Although these studies have helped to map the nature of WLS content on social media, there remains a dearth of research on Instagram specifically. Instagram is considered to be one of the most commonly used social media sites in operation, with over 1 billion users worldwide [29]. According to the most recent study on social media usage by the Pew Research Center, Instagram is the third most frequently used social media platform in the United States [30]. Globally, Instagram has been ranked fifth in terms of numbers of active users [31]. Instagram users likely span a variety of demographic categories; however, they tend to be younger individuals [23]. For individuals aged 18 to 29 years, Instagram is the second most frequently used social media app in the United States, after YouTube [30]. Instagram is also the social media platform with the second largest age differential between older and younger American users [30]. One investigation found that Instagram users are also disproportionately female, of lower socioeconomic status, and from urban areas [24].

Beyond the general lack of research on this topic, an examination of WLS-related content on Instagram is warranted for a number of reasons. First, although the average age of US bariatric patients has been documented as approximately mid-40s [32], the incidence of WLS in young people increased during the early 20th century [33,34]. Second, individuals between the ages of 18 and 30 years have been found to rely on the internet, including social media, for overall health information [35]. There is evidence to suggest that this age group is more likely to do so than older age cohorts [36]. Third, social media platforms are now commonly used by individuals to seek and relate information related to WLS [7-9; 25-27]. Fourth, seekers of web-based health information do not simply passively take in such information on WLS but actively make decisions based upon what they read on the web [9,22]. These individuals continue to use the internet for postoperative WLS support [9]. Finally, given the shift away from the routine provision of in-person care and support necessitated by the COVID-19 pandemic, bariatric preoperative and postoperative patients may have increasingly turned to social media to fill this gap. This study therefore aimed to document and compare WLS-related content on Instagram in the weeks leading up to the COVID-19 pandemic lockdowns to those exactly 1 year later.

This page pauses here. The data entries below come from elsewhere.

lemma objF_axis_le:
  "F (x + axis i c) \<le> F x + c * grad x $ i + c\<^sup>2 / 2 * (1 - W $ i $ i + \<alpha> * M)"
proof -
  have Lap_axis: "axis i c \<bullet> (Lap *v axis i c) = c\<^sup>2 * (1 - W $ i $ i)"
  proof -
    have row: "(\<Sum>j\<in>UNIV. W $ k $ j * axis i c $ k * axis i c $ j)
        = (if k = i then W $ i $ i * c\<^sup>2 else 0)" for k
      by (cases "k = i") (simp_all add: axis_def power2_eq_square if_distrib cong: if_cong)
    have sq: "(axis i c $ k)\<^sup>2 = (if k = i then c\<^sup>2 else 0)" for k
      by (simp add: axis_def)
    show ?thesis
      unfolding Lap_quadratic_form row sq by (simp add: algebra_simps)
  qed
  have "taylor_remainder x (axis i c) k \<le> (if k = i then M * c\<^sup>2 / 2 else 0)" for k
    using taylor_remainder_bounds[where x = x and z = "axis i c" and i = k]
    by (cases "k = i") (simp_all add: taylor_remainder_def axis_def)
  then have "(\<Sum>k\<in>UNIV. taylor_remainder x (axis i c) k) \<le> (\<Sum>k\<in>UNIV. if k = i then M * c\<^sup>2 / 2 else 0)"
    by (intro sum_mono)
  then have "\<alpha> * (\<Sum>k\<in>UNIV. taylor_remainder x (axis i c) k) \<le> \<alpha> * (M * c\<^sup>2 / 2)"
    using alpha_pos by (simp add: mult_left_mono)
  then show ?thesis
    using objF_add[of x "axis i c"] Lap_axis by (simp add: inner_axis field_simps)
qed

text \<open>Minimising the quadratic upper bound of \<open>objF_axis_le\<close> in \<open>c\<close> shows that each
  partial derivative at a minimiser is zero.\<close>
lemma gradF_minimiser:
  assumes min: "\<forall>x. F xs \<le> F x"
  shows "grad xs = 0"
proof -
  have "grad xs $ i = 0" for i
  proof -
    define K where "K = 1 - W $ i $ i + \<alpha> * M"
    define gi where "gi = grad xs $ i"
    have K_pos: "K > 0" using alpha_M_pos W_lt1 by (smt (verit) K_def)
    have "0 \<le> c * gi + c\<^sup>2 / 2 * K" for c
      using min objF_axis_le[of xs i c] unfolding K_def gi_def by (smt (verit))
    from this[of "- gi / K"] K_pos have "gi\<^sup>2 \<le> 0"
      by (simp add: power2_eq_square field_simps)
    then show ?thesis unfolding gi_def by simp
  qed
  then show ?thesis by (simp add: vec_eq_iff)
qed

lemma objF_quadratic_growth:
  assumes "\<forall>x. F xs \<le> F x"
  shows "\<alpha> * m / 2 * ((x - xs) \<bullet> (x - xs)) \<le> F x - F xs"
  using objF_strongly_convex[of xs "x - xs"] gradF_minimiser[OF assms] by simp

text \<open>Polyak-Lojasiewicz inequality: minimise the strong convexity lower bound over \<open>z\<close>.\<close>
lemma objF_gradient_dominated:
  assumes "\<forall>x. F xs \<le> F x"
  shows "2 * \<alpha> * m * (F x - F xs) \<le> grad x \<bullet> grad x"
proof -
  define c where "c = \<alpha> * m"
  define z where "z = xs - x"
  have c_pos: "c > 0" using alpha_pos m_pos by (simp add: c_def)
  have "0 \<le> (grad x + c *\<^sub>R z) \<bullet> (grad x + c *\<^sub>R z)" by simp
  also have "\<dots> = grad x \<bullet> grad x + 2 * c * (grad x \<bullet> z + c / 2 * (z \<bullet> z))"
    by (simp add: inner_add_left inner_add_right inner_commute power2_eq_square algebra_simps)
  also have "\<dots> \<le> grad x \<bullet> grad x + 2 * c * (F xs - F x)"
    using objF_strongly_convex[of x z] c_pos unfolding c_def z_def by (simp add: mult_left_mono)
  finally show ?thesis unfolding c_def by (simp add: algebra_simps)
qed

end

locale network_newton = consensus_objective W \<alpha> m M f f1 f2
  for W :: "real^'n::finite^'n" and \<alpha> m M :: real and f f1 f2 :: "'n \<Rightarrow> real \<Rightarrow> real" +
  fixes \<delta> \<Delta> :: real
  assumes delta_pos: "0 < \<delta>" and delta_Delta: "\<delta> \<le> \<Delta>" and Delta_lt1: "\<Delta> < 1"
    and W_diag: "\<forall>i. \<delta> \<le> W $ i $ i \<and> W $ i $ i \<le> \<Delta>"
begin

abbreviation D where "D \<equiv> Ddiag W \<alpha> f2"
abbreviation Hinv where "Hinv \<equiv> Hhat_inv W \<alpha> f2"
abbreviation Dmin :: real where "Dmin \<equiv> 2 * (1 - \<Delta>) + \<alpha> * m"
abbreviation Dmax :: real where "Dmax \<equiv> 2 * (1 - \<delta>) + \<alpha> * M"
abbreviation rho :: real where "rho \<equiv> rho_c \<alpha> \<delta> m"
abbreviation lam :: real where "lam \<equiv> lam_c \<alpha> \<delta> M"
abbreviation Lam :: real where "Lam \<equiv> Lam_c \<alpha> \<delta> \<Delta> m"

lemma Bmat_entry: "Bmat W $ i $ j = W $ i $ j + (if i = j then 1 - 2 * W $ i $ i else 0)"
  by (simp add: Bmat_def diag_mat_def mat_def)

lemma Bmat_nonneg: "0 \<le> Bmat W $ i $ j"
proof -
  have "W $ i $ i < 1" using W_lt1 by blast
  then show ?thesis using W_nonneg by (cases "i = j") (auto simp: Bmat_entry)
qed

lemma Bmat_row_sum: "(\<Sum>j\<in>UNIV. Bmat W $ i $ j) = 2 * (1 - W $ i $ i)"
  by (simp add: Bmat_entry sum.distrib W_row_sum)

lemma Bmat_col_sum: "(\<Sum>i\<in>UNIV. Bmat W $ i $ j) = 2 * (1 - W $ j $ j)"
  by (simp add: Bmat_entry sum.distrib W_col_sum)

lemma Bmat_quadratic_form: "(\<Sum>i\<in>UNIV. u i * (\<Sum>j\<in>UNIV. Bmat W $ i $ j * u j))
    = (\<Sum>i\<in>UNIV. \<Sum>j\<in>UNIV. W $ i $ j * u i * u j) + (\<Sum>i\<in>UNIV. (1 - 2 * W $ i $ i) * (u i)\<^sup>2)"
proof -
  have row: "(\<Sum>j\<in>UNIV. Bmat W $ i $ j * u j) = (\<Sum>j\<in>UNIV. W $ i $ j * u j) + (1 - 2 * W $ i $ i) * u i" for i
  proof -
    have "(\<Sum>j\<in>UNIV. Bmat W $ i $ j * u j)
        = (\<Sum>j\<in>UNIV. W $ i $ j * u j + (if i = j then (1 - 2 * W $ i $ i) * u i else 0))"
      by (rule sum.cong) (auto simp: Bmat_entry distrib_right)
    then show ?thesis by (simp add: sum.distrib)
  qed
  have "(\<Sum>i\<in>UNIV. u i * ((\<Sum>j\<in>UNIV. W $ i $ j * u j) + (1 - 2 * W $ i $ i) * u i))
      = (\<Sum>i\<in>UNIV. (\<Sum>j\<in>UNIV. W $ i $ j * u i * u j) + (1 - 2 * W $ i $ i) * (u i)\<^sup>2)"
    by (rule sum.cong) (simp_all add: distrib_left sum_distrib_left power2_eq_square mult_ac)
  then show ?thesis unfolding row by (simp add: sum.distrib)
qed

text \<open>Positive semidefiniteness of \<open>B\<close>: the diagonal terms of
  \<open>\<Sum>i j. W i j (u i + u j)\<^sup>2 \<ge> 0\<close> alone already give \<open>4 \<Sum>i. W i i (u i)\<^sup>2\<close>.\<close>
lemma Bmat_psd: "0 \<le> (\<Sum>i\<in>UNIV. u i * (\<Sum>j\<in>UNIV. Bmat W $ i $ j * u j))"
proof -
  have "4 * (\<Sum>i\<in>UNIV. W $ i $ i * (u i)\<^sup>2) = (\<Sum>i\<in>UNIV. W $ i $ i * (u i + 1 * u i)\<^sup>2)"
    by (simp add: sum_distrib_left power2_eq_square algebra_simps)
  also have "\<dots> \<le> (\<Sum>i\<in>UNIV. \<Sum>j\<in>UNIV. W $ i $ j * (u i + 1 * u j)\<^sup>2)"
    by (intro sum_mono member_le_sum) (use W_nonneg in auto)
  also have "\<dots> = 2 * (\<Sum>i\<in>UNIV. (u i)\<^sup>2) + 2 * (\<Sum>i\<in>UNIV. \<Sum>j\<in>UNIV. W $ i $ j * u i * u j)"
    using sum_W_weighted_square[of u 1] by simp
  finally have "4 * (\<Sum>i\<in>UNIV. W $ i $ i * (u i)\<^sup>2)
      \<le> 2 * (\<Sum>i\<in>UNIV. (u i)\<^sup>2) + 2 * (\<Sum>i\<in>UNIV. \<Sum>j\<in>UNIV. W $ i $ j * u i * u j)" .
  moreover have "(\<Sum>i\<in>UNIV. (1 - 2 * W $ i $ i) * (u i)\<^sup>2)
      = (\<Sum>i\<in>UNIV. (u i)\<^sup>2) - 2 * (\<Sum>i\<in>UNIV. W $ i $ i * (u i)\<^sup>2)"
    by (simp add: left_diff_distrib sum_subtractf sum_distrib_left mult.assoc)
  ultimately show ?thesis
    unfolding Bmat_quadratic_form by linarith
qed

lemma Ddiag_ge: "2 * (1 - W $ i $ i) + \<alpha> * m \<le> D x i"
  using f2_bounds alpha_pos by (simp add: Ddiag_def mult_left_mono)

lemma Ddiag_ge_Dmin: "Dmin \<le> D x i"
proof -
  have "W $ i $ i \<le> \<Delta>" using W_diag by blast
  then show ?thesis using Ddiag_ge[of i x] by (smt (verit))
qed

lemma Ddiag_le_Dmax: "D x i \<le> Dmax"
proof -
  have "\<delta> \<le> W $ i $ i" using W_diag by blast
  moreover have "\<alpha> * f2 i (x $ i) \<le> \<alpha> * M" using f2_bounds alpha_pos by (simp add: mult_left_mono)
  ultimately show ?thesis by (simp add: Ddiag_def)
qed

lemma Dmin_pos: "0 < Dmin"
  using alpha_pos m_pos Delta_lt1 by (simp add: add_pos_pos)

lemma Ddiag_pos: "0 < D x i"
  using Dmin_pos Ddiag_ge_Dmin by (rule less_le_trans)

lemma Dmax_pos: "0 < Dmax"
  using Ddiag_pos Ddiag_le_Dmax by (rule less_le_trans)

lemma rho_nonneg: "0 \<le> rho"
  using alpha_pos m_pos delta_Delta Delta_lt1 by (simp add: rho_c_def)

lemma lam_eq: "lam = 1 / Dmax"
  by (simp add: lam_c_def)

lemma Lam_eq: "Lam = (1 + rho) / Dmin"
  by (simp add: Lam_c_def)

lemma lam_pos: "0 < lam"
  using Dmax_pos by (simp add: lam_eq)

lemma Lam_pos: "0 < Lam"
  using rho_nonneg Dmin_pos by (simp add: Lam_eq)

lemma Hhat_inv_mult_vec_nth: "(Hinv x *v v) $ i
    = v $ i / D x i + (\<Sum>j\<in>UNIV. Bmat W $ i $ j * (v $ j / D x j)) / D x i"
proof -
  define Dm where "Dm = diag_mat (\<lambda>i. 1 / sqrt (D x i))"
  have half_twice: "1 / sqrt (D x k) * (1 / sqrt (D x k) * a) = a / D x k" for k a
  proof -
    have "sqrt (D x k) * sqrt (D x k) = D x k" using Ddiag_pos[of x k] by simp
    moreover have "1 / sqrt (D x k) * (1 / sqrt (D x k) * a) = a / (sqrt (D x k) * sqrt (D x k))"
      by simp
    ultimately show ?thesis by simp
  qed
  have Hinv_Dm: "Hinv x *v v = Dm *v (Dm *v v + Dm *v (Bmat W *v (Dm *v (Dm *v v))))"
    unfolding Hhat_inv_def Let_def Dm_def[symmetric]
    by (simp only: matrix_vector_mul_assoc[symmetric] matrix_vector_mult_add_rdistrib matrix_vector_mul_lid)
  have Dm_twice: "Dm *v (Dm *v w) = (\<chi> k. w $ k / D x k)" for w
    by (simp add: Dm_def diag_mat_mult_vec vec_eq_iff half_twice abs_of_pos[OF Ddiag_pos])
  show ?thesis
    unfolding Hinv_Dm matrix_vector_right_distrib Dm_twice
    by (simp add: Dm_def diag_mat_mult_vec matrix_vector_mult_def half_twice add_divide_distrib
        abs_of_pos[OF Ddiag_pos])
qed

lemma Bmat_row_sum_div_Ddiag_le: "2 * (1 - W $ i $ i) / D x i \<le> rho"
proof -
  define a b c where "a = 2 * (1 - W $ i $ i)" and "b = 2 * (1 - \<delta>)" and "c = \<alpha> * m"
  have c_pos: "c > 0" by (simp add: c_def alpha_pos m_pos)
  have a_nonneg: "0 \<le> a" using W_lt1 by (simp add: a_def less_imp_le)
  have "a \<le> b" using W_diag by (simp add: a_def b_def)
  have "a / D x i \<le> a / (a + c)"
    using Ddiag_ge[of i x] a_nonneg c_pos unfolding a_def c_def by (intro divide_left_mono) auto
  also have "\<dots> \<le> b / (b + c)"
    using \<open>a \<le> b\<close> a_nonneg c_pos by (simp add: divide_simps mult_right_mono algebra_simps)
  finally show ?thesis by (simp add: a_def b_def c_def rho_c_def)
qed

lemma Bmat_row_sum_div_Ddiag_sq_le: "2 * (1 - W $ i $ i) / (D x i)\<^sup>2 \<le> rho / Dmin"
proof -
  have "2 * (1 - W $ i $ i) / (D x i)\<^sup>2 = 2 * (1 - W $ i $ i) / D x i * (1 / D x i)"
    by (simp add: power2_eq_square)
  also have "\<dots> \<le> rho * (1 / Dmin)"
    using Bmat_row_sum_div_Ddiag_le Ddiag_pos Ddiag_ge_Dmin Dmin_pos rho_nonneg W_lt1
    by (intro mult_mono divide_left_mono) (auto simp: less_imp_le)
  finally show ?thesis by simp
qed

The methods used in this study were derived from prior studies that investigated health content posted on social media [37,38]. The sample was comprised of 300 Instagram posts created by users with the hashtag #wls. This hashtag was chosen because it was included in by far the most posts compared to any hashtag associated with weight loss surgery or bariatric surgery (approximately 1 million more posts). The investigation proceeded by means of a successive sampling study: half of the sample was collected in 2020, and the other half was collected exactly 1 year later in 2021. During both 2020 and 2021, 50 posts per week were collected over the course of 3 weeks (the last week of February, the first week of March, and the second week of March), thus minimizing the chance that multiple posts were originating from the same user. Captions, hashtags, and comments made by the user with the same username associated with the post were included in the coding. Posts with photos and videos were included in this study, and any included text was factored into the coding of content. Exclusion criteria included posts that were in a language other than English, images posted without an explanation, and any posts aimed at advertising or selling a product.

A description and the date posted were noted for each post. Each of the posts was studied to see whether it exhibited a predetermined content category. Content coding categories were based on findings of prior research on internet forum and social media use by bariatric surgery patients [25,26,39]. For the data collected, descriptive statistics were recorded, and independent 1-tailed chi squared tests (α=.05) were performed to determine if the year of the post statistically impacted the presence of a given characteristic in the post. Data entry, organization, and analysis were performed in Excel (Microsoft Corporation). The Institutional Review Board at William Paterson University does not require review for studies that involve publicly available social media content. Nevertheless, users may have an expectation of privacy when posting on Instagram; thus, no usernames have been reported in this study.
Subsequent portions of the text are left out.